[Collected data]
(* Let $X,Y$ be binary variables and suppose the experimental quantities $P(y_x),P(y_{x'})$ and observational quantities $P(y),P(x,y),P(x,y'),P(x',y),P(x',y')$ are estimated by sample frequencies from $m$ experimental samples and $n$ observational samples. If $\sqrt{\tfrac{1}{m}}+\sqrt{\tfrac{1}{n}}\le \tfrac{5}{196}$, then the margin of error of each of the estimated bounds of PNS, $$\max\{0,\;P(y_x)-P(y_{x'}),\;P(y)-P(y_{x'}),\;P(y_x)-P(y)\}\le \mathrm{PNS}\le \min\{P(y_x),\;P(y'_{x'}),\;P(x,y)+P(x',y'),\;P(y_x)-P(y_{x'})+P(x,y')+P(x',y)\},$$ in a $95\%$ confidence interval is at most $0.05$. In particular, if $m=n$, then $m=n=6147$ experimental and observational samples suffice to obtain margin of error at most $0.05$ for the bounds of PNS in a $95\%$ confidence interval.
   Context: Counterfactual notation: $y_x$ denotes the event "$Y$ would be $y$ had $X$ been $x$", and similarly $y_{x'}$, $y'_{x'}$; $\mathrm{PNS}=P(y_x,y'_{x'})$. For a probability $p$ estimated by the frequency $\hat p$ from $k$ samples (experimental quantities from the $m$ experimental samples, observational quantities from the $n$ observational samples), its margin of error in a $1-\alpha$ confidence interval is $z_{1-\alpha/2}\sqrt{\hat p(1-\hat p)/k}$ where $z_{1-\alpha/2}$ is the standard normal quantile (for $95\%$, $z_{0.975}=1.96$), and the margin of error of a sum or difference of such estimates is bounded by the sum of their margins of error. *)

theory Defs
  imports Complex_Main
begin

text \<open>Margin of error (95\<percent>, z = 1.96) of a probability estimated by the frequency ph from k samples.\<close>
definition moe :: "nat \<Rightarrow> real \<Rightarrow> real" where
  "moe k ph = 1.96 * sqrt (ph * (1 - ph) / real k)"

definition freq :: "nat \<Rightarrow> nat \<Rightarrow> real" where
  "freq c k = real c / real k"

text \<open>Margins of error of the eight terms in the PNS bounds
  max{0, P(y_x)-P(y_x'), P(y)-P(y_x'), P(y_x)-P(y)} <= PNS <=
  min{P(y_x), P(y'_x'), P(x,y)+P(x',y'), P(y_x)-P(y_x')+P(x,y')+P(x',y)},
  where the margin of a sum/difference is bounded by the sum of the margins.\<close>
definition PNS_bound_margins ::
  "nat \<Rightarrow> nat \<Rightarrow> real \<Rightarrow> real \<Rightarrow> real \<Rightarrow> real \<Rightarrow> real \<Rightarrow> real \<Rightarrow> real \<Rightarrow> real list" where
  "PNS_bound_margins m n pyx pyx' py pxy pxy' px'y px'y' =
    [ 0,
      moe m pyx + moe m pyx',
      moe n py + moe m pyx',
      moe m pyx + moe n py,
      moe m pyx,
      moe m (1 - pyx'),
      moe n pxy + moe n px'y',
      moe m pyx + moe m pyx' + moe n pxy' + moe n px'y ]"

end

theory Submission
  imports Defs
begin

text \<open>The margin of error of a frequency is largest at \<open>p = 1/2\<close>, where it equals \<open>0.98 / sqrt k\<close>.
  Each PNS bound combines at most two estimates from each of the two samples, so all its
  margins are at most \<open>1.96 (sqrt (1/m) + sqrt (1/n)) \<le> 1.96 * 5/196 = 0.05\<close>, whatever the
  estimates are.
  For \<open>m = n = 6147\<close> the hypothesis holds because \<open>(392/5)\<^sup>2 = 6146.56 \<le> 6147\<close>.\<close>

lemma mult_one_minus_le_quarter: "(p::real) * (1 - p) \<le> 1/4"
proof -
  have "0 \<le> (p - 1/2)\<^sup>2" by simp
  then show ?thesis by (simp add: power2_eq_square algebra_simps)
qed

lemma moe_le: "moe k p \<le> 0.98 * sqrt (1 / real k)"
proof -
  have "p * (1 - p) / real k \<le> (1/4) / real k"
    using mult_one_minus_le_quarter by (rule divide_right_mono) simp
  then have "sqrt (p * (1 - p) / real k) \<le> sqrt (1/4 * (1 / real k))"
    by (simp add: real_sqrt_le_mono)
  also have "\<dots> = 1/2 * sqrt (1 / real k)"
    by (simp add: real_sqrt_mult real_sqrt_divide)
  finally show ?thesis unfolding moe_def by simp
qed

lemma PNS_bound_margins_le:
  assumes "e \<in> set (PNS_bound_margins m n pyx pyx' py pxy pxy' px'y px'y')"
  shows "e \<le> 1.96 * (sqrt (1 / real m) + sqrt (1 / real n))"
proof -
  have decimals: "(0.98::real) = 49/50" "(1.96::real) = 49/25" by simp_all
  have "0 \<le> sqrt (1 / real m)" "0 \<le> sqrt (1 / real n)" by simp_all
  then show ?thesis
    using assms moe_le[of m pyx] moe_le[of m pyx'] moe_le[of m "1 - pyx'"] moe_le[of n py]
      moe_le[of n pxy] moe_le[of n pxy'] moe_le[of n px'y] moe_le[of n px'y']
    unfolding PNS_bound_margins_def decimals
    by (simp only: list.set insert_iff empty_iff simp_thms distrib_left) (elim disjE; linarith)
qed

lemma PNS_bound_margins_le_005:
  assumes "sqrt (1 / real m) + sqrt (1 / real n) \<le> 5 / 196"
  shows "\<forall>e \<in> set (PNS_bound_margins m n pyx pyx' py pxy pxy' px'y px'y'). e \<le> 0.05"
proof
  fix e assume "e \<in> set (PNS_bound_margins m n pyx pyx' py pxy pxy' px'y px'y')"
  then have "e \<le> 1.96 * (sqrt (1 / real m) + sqrt (1 / real n))"
    by (rule PNS_bound_margins_le)
  also have "\<dots> \<le> 1.96 * (5 / 196)"
    using assms by (rule mult_left_mono) simp
  finally show "e \<le> 0.05" by simp
qed

lemma sqrt_inverse_6147_le: "sqrt (1 / real (6147::nat)) \<le> 5 / 392"
  by (rule real_le_lsqrt) (simp_all add: power2_eq_square)

theorem corollary1:
  shows "(\<forall>(m::nat) (n::nat) cyx cyx' cy cxy cxy' cx'y cx'y'.
            0 < m \<and> 0 < n \<and> cyx \<le> m \<and> cyx' \<le> m \<and>
            cy \<le> n \<and> cxy \<le> n \<and> cxy' \<le> n \<and> cx'y \<le> n \<and> cx'y' \<le> n \<and>
            sqrt (1 / real m) + sqrt (1 / real n) \<le> 5 / 196 \<longrightarrow>
            (\<forall>e \<in> set (PNS_bound_margins m n (freq cyx m) (freq cyx' m) (freq cy n)
                   (freq cxy n) (freq cxy' n) (freq cx'y n) (freq cx'y' n)). e \<le> 0.05))
       \<and> (\<forall>cyx cyx' cy cxy cxy' cx'y cx'y'.
            cyx \<le> (6147::nat) \<and> cyx' \<le> 6147 \<and>
            cy \<le> 6147 \<and> cxy \<le> 6147 \<and> cxy' \<le> 6147 \<and> cx'y \<le> 6147 \<and> cx'y' \<le> 6147 \<longrightarrow>
            (\<forall>e \<in> set (PNS_bound_margins 6147 6147 (freq cyx 6147) (freq cyx' 6147) (freq cy 6147)
                   (freq cxy 6147) (freq cxy' 6147) (freq cx'y 6147) (freq cx'y' 6147)). e \<le> 0.05))"
proof -
  have "sqrt (1 / real (6147::nat)) + sqrt (1 / real (6147::nat)) \<le> 5 / 196"
    using sqrt_inverse_6147_le by linarith
  then show ?thesis
    using PNS_bound_margins_le_005 by blast
qed

end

= INSTRUCTIONS TO FOLLOW =
Print all of the records, leaving each one exactly as it appears above.

= SOLUTION TO THIS PROBLEM =
(* Let $X,Y$ be binary variables and suppose the experimental quantities $P(y_x),P(y_{x'})$ and observational quantities $P(y),P(x,y),P(x,y'),P(x',y),P(x',y')$ are estimated by sample frequencies from $m$ experimental samples and $n$ observational samples. If $\sqrt{\tfrac{1}{m}}+\sqrt{\tfrac{1}{n}}\le \tfrac{5}{196}$, then the margin of error of each of the estimated bounds of PNS, $$\max\{0,\;P(y_x)-P(y_{x'}),\;P(y)-P(y_{x'}),\;P(y_x)-P(y)\}\le \mathrm{PNS}\le \min\{P(y_x),\;P(y'_{x'}),\;P(x,y)+P(x',y'),\;P(y_x)-P(y_{x'})+P(x,y')+P(x',y)\},$$ in a $95\%$ confidence interval is at most $0.05$. In particular, if $m=n$, then $m=n=6147$ experimental and observational samples suffice to obtain margin of error at most $0.05$ for the bounds of PNS in a $95\%$ confidence interval.
   Context: Counterfactual notation: $y_x$ denotes the event "$Y$ would be $y$ had $X$ been $x$", and similarly $y_{x'}$, $y'_{x'}$; $\mathrm{PNS}=P(y_x,y'_{x'})$. For a probability $p$ estimated by the frequency $\hat p$ from $k$ samples (experimental quantities from the $m$ experimental samples, observational quantities from the $n$ observational samples), its margin of error in a $1-\alpha$ confidence interval is $z_{1-\alpha/2}\sqrt{\hat p(1-\hat p)/k}$ where $z_{1-\alpha/2}$ is the standard normal quantile (for $95\%$, $z_{0.975}=1.96$), and the margin of error of a sum or difference of such estimates is bounded by the sum of their margins of error. *)

theory Defs
  imports Complex_Main
begin

text \<open>Margin of error (95\<percent>, z = 1.96) of a probability estimated by the frequency ph from k samples.\<close>
definition moe :: "nat \<Rightarrow> real \<Rightarrow> real" where
  "moe k ph = 1.96 * sqrt (ph * (1 - ph) / real k)"

definition freq :: "nat \<Rightarrow> nat \<Rightarrow> real" where
  "freq c k = real c / real k"

text \<open>Margins of error of the eight terms in the PNS bounds
  max{0, P(y_x)-P(y_x'), P(y)-P(y_x'), P(y_x)-P(y)} <= PNS <=
  min{P(y_x), P(y'_x'), P(x,y)+P(x',y'), P(y_x)-P(y_x')+P(x,y')+P(x',y)},
  where the margin of a sum/difference is bounded by the sum of the margins.\<close>
definition PNS_bound_margins ::
  "nat \<Rightarrow> nat \<Rightarrow> real \<Rightarrow> real \<Rightarrow> real \<Rightarrow> real \<Rightarrow> real \<Rightarrow> real \<Rightarrow> real \<Rightarrow> real list" where
  "PNS_bound_margins m n pyx pyx' py pxy pxy' px'y px'y' =
    [ 0,
      moe m pyx + moe m pyx',
      moe n py + moe m pyx',
      moe m pyx + moe n py,
      moe m pyx,
      moe m (1 - pyx'),
      moe n pxy + moe n px'y',
      moe m pyx + moe m pyx' + moe n pxy' + moe n px'y ]"

end

theory Submission
  imports Defs
begin

text \<open>The margin of error of a frequency is largest at \<open>p = 1/2\<close>, where it equals \<open>0.98 / sqrt k\<close>.
  Each PNS bound combines at most two estimates from each of the two samples, so all its
  margins are at most \<open>1.96 (sqrt (1/m) + sqrt (1/n)) \<le> 1.96 * 5/196 = 0.05\<close>, whatever the
  estimates are.
  For \<open>m = n = 6147\<close> the hypothesis holds because \<open>(392/5)\<^sup>2 = 6146.56 \<le> 6147\<close>.\<close>

lemma mult_one_minus_le_quarter: "(p::real) * (1 - p) \<le> 1/4"
proof -
  have "0 \<le> (p - 1/2)\<^sup>2" by simp
  then show ?thesis by (simp add: power2_eq_square algebra_simps)
qed

lemma moe_le: "moe k p \<le> 0.98 * sqrt (1 / real k)"
proof -
  have "p * (1 - p) / real k \<le> (1/4) / real k"
    using mult_one_minus_le_quarter by (rule divide_right_mono) simp
  then have "sqrt (p * (1 - p) / real k) \<le> sqrt (1/4 * (1 / real k))"
    by (simp add: real_sqrt_le_mono)
  also have "\<dots> = 1/2 * sqrt (1 / real k)"
    by (simp add: real_sqrt_mult real_sqrt_divide)
  finally show ?thesis unfolding moe_def by simp
qed

lemma PNS_bound_margins_le:
  assumes "e \<in> set (PNS_bound_margins m n pyx pyx' py pxy pxy' px'y px'y')"
  shows "e \<le> 1.96 * (sqrt (1 / real m) + sqrt (1 / real n))"
proof -
  have decimals: "(0.98::real) = 49/50" "(1.96::real) = 49/25" by simp_all
  have "0 \<le> sqrt (1 / real m)" "0 \<le> sqrt (1 / real n)" by simp_all
  then show ?thesis
    using assms moe_le[of m pyx] moe_le[of m pyx'] moe_le[of m "1 - pyx'"] moe_le[of n py]
      moe_le[of n pxy] moe_le[of n pxy'] moe_le[of n px'y] moe_le[of n px'y']
    unfolding PNS_bound_margins_def decimals
    by (simp only: list.set insert_iff empty_iff simp_thms distrib_left) (elim disjE; linarith)
qed

lemma PNS_bound_margins_le_005:
  assumes "sqrt (1 / real m) + sqrt (1 / real n) \<le> 5 / 196"
  shows "\<forall>e \<in> set (PNS_bound_margins m n pyx pyx' py pxy pxy' px'y px'y'). e \<le> 0.05"
proof
  fix e assume "e \<in> set (PNS_bound_margins m n pyx pyx' py pxy pxy' px'y px'y')"
  then have "e \<le> 1.96 * (sqrt (1 / real m) + sqrt (1 / real n))"
    by (rule PNS_bound_margins_le)
  also have "\<dots> \<le> 1.96 * (5 / 196)"
    using assms by (rule mult_left_mono) simp
  finally show "e \<le> 0.05" by simp
qed

lemma sqrt_inverse_6147_le: "sqrt (1 / real (6147::nat)) \<le> 5 / 392"
  by (rule real_le_lsqrt) (simp_all add: power2_eq_square)

theorem corollary1:
  shows "(\<forall>(m::nat) (n::nat) cyx cyx' cy cxy cxy' cx'y cx'y'.
            0 < m \<and> 0 < n \<and> cyx \<le> m \<and> cyx' \<le> m \<and>
            cy \<le> n \<and> cxy \<le> n \<and> cxy' \<le> n \<and> cx'y \<le> n \<and> cx'y' \<le> n \<and>
            sqrt (1 / real m) + sqrt (1 / real n) \<le> 5 / 196 \<longrightarrow>
            (\<forall>e \<in> set (PNS_bound_margins m n (freq cyx m) (freq cyx' m) (freq cy n)
                   (freq cxy n) (freq cxy' n) (freq cx'y n) (freq cx'y' n)). e \<le> 0.05))
       \<and> (\<forall>cyx cyx' cy cxy cxy' cx'y cx'y'.
            cyx \<le> (6147::nat) \<and> cyx' \<le> 6147 \<and>
            cy \<le> 6147 \<and> cxy \<le> 6147 \<and> cxy' \<le> 6147 \<and> cx'y \<le> 6147 \<and> cx'y' \<le> 6147 \<longrightarrow>
            (\<forall>e \<in> set (PNS_bound_margins 6147 6147 (freq cyx 6147) (freq cyx' 6147) (freq cy 6147)
                   (freq cxy 6147) (freq cxy' 6147) (freq cx'y 6147) (freq cx'y' 6147)). e \<le> 0.05))"
proof -
  have "sqrt (1 / real (6147::nat)) + sqrt (1 / real (6147::nat)) \<le> 5 / 196"
    using sqrt_inverse_6147_le by linarith
  then show ?thesis
    using PNS_bound_margins_le_005 by blast
qed

end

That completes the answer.